━━━ Data shown

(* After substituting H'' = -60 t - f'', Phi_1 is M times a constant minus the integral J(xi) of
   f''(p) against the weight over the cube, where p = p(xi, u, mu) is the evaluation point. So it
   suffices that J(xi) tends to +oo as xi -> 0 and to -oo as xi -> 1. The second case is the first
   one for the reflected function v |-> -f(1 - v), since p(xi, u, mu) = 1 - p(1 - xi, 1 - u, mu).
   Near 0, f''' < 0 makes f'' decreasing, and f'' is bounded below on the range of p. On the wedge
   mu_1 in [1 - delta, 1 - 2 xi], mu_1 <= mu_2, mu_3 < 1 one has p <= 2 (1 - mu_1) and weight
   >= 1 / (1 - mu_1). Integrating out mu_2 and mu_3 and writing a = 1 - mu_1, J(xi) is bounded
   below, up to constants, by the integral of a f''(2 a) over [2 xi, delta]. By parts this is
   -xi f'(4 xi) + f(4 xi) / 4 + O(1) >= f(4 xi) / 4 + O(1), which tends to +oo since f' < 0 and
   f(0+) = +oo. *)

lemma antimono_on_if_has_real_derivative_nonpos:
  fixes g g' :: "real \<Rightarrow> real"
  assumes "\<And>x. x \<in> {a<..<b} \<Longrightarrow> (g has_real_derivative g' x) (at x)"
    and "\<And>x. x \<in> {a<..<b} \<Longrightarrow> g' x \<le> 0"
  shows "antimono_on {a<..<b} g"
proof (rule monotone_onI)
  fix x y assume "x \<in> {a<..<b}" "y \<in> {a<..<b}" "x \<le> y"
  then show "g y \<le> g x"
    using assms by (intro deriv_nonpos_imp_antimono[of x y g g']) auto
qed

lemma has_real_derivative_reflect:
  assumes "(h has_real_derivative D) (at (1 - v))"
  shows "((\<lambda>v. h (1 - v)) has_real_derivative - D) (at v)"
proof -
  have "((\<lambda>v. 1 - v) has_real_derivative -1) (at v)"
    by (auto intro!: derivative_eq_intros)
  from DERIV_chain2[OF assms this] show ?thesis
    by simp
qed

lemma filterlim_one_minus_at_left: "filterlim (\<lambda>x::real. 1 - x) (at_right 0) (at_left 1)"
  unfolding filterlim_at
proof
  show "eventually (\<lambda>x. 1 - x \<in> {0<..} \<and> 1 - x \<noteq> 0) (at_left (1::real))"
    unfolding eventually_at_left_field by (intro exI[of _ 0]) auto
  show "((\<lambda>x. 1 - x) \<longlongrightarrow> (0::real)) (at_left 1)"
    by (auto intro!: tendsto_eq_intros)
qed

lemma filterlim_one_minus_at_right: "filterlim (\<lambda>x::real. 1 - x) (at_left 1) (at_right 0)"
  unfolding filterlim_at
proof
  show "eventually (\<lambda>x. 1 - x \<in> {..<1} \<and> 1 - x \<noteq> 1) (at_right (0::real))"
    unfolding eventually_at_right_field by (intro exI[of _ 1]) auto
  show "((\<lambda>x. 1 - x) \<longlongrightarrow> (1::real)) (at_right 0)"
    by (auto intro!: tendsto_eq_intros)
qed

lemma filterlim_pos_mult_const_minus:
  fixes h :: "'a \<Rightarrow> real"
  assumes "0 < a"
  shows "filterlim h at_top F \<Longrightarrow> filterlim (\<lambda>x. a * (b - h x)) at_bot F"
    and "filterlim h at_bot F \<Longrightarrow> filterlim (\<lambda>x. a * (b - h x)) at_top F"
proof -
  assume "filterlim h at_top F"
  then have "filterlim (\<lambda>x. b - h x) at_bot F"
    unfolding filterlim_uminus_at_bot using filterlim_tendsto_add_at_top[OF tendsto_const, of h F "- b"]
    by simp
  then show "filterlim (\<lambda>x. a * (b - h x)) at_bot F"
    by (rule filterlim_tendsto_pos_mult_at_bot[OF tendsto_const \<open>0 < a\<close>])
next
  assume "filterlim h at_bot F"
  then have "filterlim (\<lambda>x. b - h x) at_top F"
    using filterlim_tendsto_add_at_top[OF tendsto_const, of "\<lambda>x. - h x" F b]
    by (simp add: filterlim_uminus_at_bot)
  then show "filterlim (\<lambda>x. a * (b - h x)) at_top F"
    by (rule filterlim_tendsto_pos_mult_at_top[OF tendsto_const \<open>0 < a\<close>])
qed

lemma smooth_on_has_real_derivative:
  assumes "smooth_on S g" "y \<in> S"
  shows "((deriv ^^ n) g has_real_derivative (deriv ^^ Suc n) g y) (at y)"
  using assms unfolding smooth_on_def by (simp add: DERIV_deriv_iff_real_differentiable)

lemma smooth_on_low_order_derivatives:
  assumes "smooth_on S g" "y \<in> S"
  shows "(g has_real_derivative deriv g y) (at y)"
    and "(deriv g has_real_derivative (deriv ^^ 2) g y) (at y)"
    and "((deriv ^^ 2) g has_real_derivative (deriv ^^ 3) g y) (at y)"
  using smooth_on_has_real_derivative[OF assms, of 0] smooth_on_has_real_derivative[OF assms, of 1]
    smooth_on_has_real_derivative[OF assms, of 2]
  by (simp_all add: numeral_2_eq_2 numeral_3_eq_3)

━━━━━━
━━━ Data shown

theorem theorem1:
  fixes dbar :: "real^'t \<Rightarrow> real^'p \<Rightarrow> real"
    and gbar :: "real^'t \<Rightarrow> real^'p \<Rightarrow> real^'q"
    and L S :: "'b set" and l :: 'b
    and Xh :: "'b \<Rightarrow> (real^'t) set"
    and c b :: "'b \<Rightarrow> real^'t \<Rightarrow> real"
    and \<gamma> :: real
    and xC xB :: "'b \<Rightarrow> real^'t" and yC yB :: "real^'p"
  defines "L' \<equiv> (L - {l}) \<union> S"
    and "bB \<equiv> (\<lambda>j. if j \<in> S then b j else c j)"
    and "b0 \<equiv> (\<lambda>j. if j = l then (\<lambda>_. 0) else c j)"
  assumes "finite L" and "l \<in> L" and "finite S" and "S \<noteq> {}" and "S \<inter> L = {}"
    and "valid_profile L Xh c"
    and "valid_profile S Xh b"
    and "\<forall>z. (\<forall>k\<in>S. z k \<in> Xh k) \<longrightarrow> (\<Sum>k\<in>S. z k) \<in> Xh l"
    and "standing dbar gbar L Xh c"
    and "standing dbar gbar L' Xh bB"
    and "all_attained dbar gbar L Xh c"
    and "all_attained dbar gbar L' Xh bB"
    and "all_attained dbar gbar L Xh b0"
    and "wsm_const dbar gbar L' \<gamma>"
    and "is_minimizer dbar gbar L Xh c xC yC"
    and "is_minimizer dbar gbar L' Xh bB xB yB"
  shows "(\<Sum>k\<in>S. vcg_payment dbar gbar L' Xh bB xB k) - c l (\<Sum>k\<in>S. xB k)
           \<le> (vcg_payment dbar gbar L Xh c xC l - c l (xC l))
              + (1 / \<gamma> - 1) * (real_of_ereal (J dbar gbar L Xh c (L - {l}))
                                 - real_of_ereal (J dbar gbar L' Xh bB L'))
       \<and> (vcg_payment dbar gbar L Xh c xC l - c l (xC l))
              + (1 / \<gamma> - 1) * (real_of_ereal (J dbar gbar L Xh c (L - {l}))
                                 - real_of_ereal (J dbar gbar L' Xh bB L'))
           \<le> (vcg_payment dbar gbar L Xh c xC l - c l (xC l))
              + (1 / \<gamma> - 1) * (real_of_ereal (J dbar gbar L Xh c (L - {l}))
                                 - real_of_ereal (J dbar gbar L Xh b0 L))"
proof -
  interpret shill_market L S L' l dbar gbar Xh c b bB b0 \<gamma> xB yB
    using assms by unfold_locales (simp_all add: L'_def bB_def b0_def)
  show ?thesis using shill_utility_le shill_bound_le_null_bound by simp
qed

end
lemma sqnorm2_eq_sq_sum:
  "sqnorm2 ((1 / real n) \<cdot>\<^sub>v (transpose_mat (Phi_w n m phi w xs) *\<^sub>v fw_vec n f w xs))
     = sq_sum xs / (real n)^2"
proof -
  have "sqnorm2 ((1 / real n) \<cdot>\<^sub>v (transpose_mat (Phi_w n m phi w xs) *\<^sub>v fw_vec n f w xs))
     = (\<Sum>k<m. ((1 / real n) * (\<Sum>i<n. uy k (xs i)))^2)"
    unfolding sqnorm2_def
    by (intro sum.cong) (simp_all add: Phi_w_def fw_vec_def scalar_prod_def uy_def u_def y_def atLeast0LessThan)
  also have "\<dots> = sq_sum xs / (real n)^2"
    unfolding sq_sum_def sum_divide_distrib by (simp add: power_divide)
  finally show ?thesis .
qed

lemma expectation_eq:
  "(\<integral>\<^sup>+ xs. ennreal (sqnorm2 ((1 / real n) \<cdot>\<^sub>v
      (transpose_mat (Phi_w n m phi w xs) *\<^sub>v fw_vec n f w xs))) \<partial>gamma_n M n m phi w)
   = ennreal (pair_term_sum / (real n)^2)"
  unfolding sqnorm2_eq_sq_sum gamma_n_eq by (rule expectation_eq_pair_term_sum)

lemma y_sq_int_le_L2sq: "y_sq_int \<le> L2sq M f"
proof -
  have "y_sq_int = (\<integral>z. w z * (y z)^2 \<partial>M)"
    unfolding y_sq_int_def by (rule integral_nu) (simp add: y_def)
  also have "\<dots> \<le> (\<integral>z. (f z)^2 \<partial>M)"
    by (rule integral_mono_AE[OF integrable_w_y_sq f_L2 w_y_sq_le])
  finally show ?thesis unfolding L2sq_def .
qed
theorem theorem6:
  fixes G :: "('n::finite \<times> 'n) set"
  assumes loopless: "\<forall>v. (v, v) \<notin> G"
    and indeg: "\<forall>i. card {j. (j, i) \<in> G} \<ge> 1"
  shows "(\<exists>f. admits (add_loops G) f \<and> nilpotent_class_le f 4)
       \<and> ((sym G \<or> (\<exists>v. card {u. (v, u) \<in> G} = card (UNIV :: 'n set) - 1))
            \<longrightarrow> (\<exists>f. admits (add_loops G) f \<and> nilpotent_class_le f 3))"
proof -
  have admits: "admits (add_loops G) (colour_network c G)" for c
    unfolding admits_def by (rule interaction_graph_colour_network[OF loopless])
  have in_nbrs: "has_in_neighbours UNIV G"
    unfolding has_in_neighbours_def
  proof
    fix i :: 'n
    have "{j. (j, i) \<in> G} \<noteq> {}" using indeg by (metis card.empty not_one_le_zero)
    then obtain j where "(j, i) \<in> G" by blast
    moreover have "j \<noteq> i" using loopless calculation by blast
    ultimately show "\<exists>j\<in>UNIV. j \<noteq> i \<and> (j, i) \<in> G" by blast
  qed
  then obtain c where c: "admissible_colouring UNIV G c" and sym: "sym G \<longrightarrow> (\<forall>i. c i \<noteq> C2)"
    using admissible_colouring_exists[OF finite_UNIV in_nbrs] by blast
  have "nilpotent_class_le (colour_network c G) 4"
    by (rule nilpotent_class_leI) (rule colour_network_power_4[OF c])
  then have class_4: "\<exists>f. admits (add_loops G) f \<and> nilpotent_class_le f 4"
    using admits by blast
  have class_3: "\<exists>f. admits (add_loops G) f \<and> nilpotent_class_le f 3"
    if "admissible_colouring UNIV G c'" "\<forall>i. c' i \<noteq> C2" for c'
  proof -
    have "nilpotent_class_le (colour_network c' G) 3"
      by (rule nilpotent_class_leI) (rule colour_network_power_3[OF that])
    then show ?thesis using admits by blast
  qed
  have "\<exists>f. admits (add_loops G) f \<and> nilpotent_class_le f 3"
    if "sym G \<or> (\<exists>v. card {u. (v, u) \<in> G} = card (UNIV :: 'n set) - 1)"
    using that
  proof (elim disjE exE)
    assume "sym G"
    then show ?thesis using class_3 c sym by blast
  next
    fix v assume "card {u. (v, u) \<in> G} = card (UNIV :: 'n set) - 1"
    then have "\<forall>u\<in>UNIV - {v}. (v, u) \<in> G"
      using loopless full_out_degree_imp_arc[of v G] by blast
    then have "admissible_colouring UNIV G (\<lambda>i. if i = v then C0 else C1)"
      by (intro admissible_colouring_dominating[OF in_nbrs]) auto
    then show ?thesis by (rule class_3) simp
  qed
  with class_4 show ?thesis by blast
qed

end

━━━━━━
━━━ Data shown

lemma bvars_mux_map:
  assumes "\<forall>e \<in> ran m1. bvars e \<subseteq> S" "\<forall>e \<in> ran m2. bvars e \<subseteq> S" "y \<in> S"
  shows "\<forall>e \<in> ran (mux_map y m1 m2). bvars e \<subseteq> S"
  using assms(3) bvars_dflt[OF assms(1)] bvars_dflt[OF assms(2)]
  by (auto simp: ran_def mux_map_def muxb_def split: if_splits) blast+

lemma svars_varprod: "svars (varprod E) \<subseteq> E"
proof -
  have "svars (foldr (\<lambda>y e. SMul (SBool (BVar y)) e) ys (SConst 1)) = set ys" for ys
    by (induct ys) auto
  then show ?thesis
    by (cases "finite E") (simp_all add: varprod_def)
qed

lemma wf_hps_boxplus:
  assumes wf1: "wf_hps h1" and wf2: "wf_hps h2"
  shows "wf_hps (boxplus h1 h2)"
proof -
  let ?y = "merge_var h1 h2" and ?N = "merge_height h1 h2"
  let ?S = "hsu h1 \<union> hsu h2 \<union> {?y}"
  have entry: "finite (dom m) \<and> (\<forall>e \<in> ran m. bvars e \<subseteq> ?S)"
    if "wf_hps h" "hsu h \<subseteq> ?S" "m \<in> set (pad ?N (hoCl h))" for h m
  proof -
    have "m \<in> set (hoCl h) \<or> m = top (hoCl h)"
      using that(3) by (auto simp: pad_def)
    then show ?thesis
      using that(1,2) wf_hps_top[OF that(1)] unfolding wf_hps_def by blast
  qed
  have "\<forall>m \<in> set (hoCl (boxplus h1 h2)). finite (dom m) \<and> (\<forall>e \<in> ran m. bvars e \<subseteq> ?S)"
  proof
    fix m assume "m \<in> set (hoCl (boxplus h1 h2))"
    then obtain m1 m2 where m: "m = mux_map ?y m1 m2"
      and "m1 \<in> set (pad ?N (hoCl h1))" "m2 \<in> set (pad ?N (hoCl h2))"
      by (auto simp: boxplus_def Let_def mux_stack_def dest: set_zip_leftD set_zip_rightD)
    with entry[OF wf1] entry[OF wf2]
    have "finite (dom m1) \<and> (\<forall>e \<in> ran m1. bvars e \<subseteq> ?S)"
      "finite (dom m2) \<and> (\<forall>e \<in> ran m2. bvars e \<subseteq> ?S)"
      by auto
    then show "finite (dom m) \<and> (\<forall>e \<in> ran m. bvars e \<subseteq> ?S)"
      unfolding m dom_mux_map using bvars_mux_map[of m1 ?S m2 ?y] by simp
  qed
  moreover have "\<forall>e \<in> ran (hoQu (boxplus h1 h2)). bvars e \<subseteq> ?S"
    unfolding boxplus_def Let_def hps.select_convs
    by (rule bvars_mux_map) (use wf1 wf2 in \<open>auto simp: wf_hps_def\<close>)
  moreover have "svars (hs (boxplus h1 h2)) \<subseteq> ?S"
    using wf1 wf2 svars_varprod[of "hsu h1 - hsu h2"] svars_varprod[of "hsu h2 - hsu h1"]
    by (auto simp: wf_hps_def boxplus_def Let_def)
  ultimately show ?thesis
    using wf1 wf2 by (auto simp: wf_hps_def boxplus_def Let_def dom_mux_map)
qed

━━━━━━

All lines above from the one with "(v, v) \<notin>" to the one with "(UNIV :: 'n set) - 1))", inclusive, should be copied exactly, and no other lines.

  assumes loopless: "\<forall>v. (v, v) \<notin> G"
    and indeg: "\<forall>i. card {j. (j, i) \<in> G} \<ge> 1"
  shows "(\<exists>f. admits (add_loops G) f \<and> nilpotent_class_le f 4)
       \<and> ((sym G \<or> (\<exists>v. card {u. (v, u) \<in> G} = card (UNIV :: 'n set) - 1))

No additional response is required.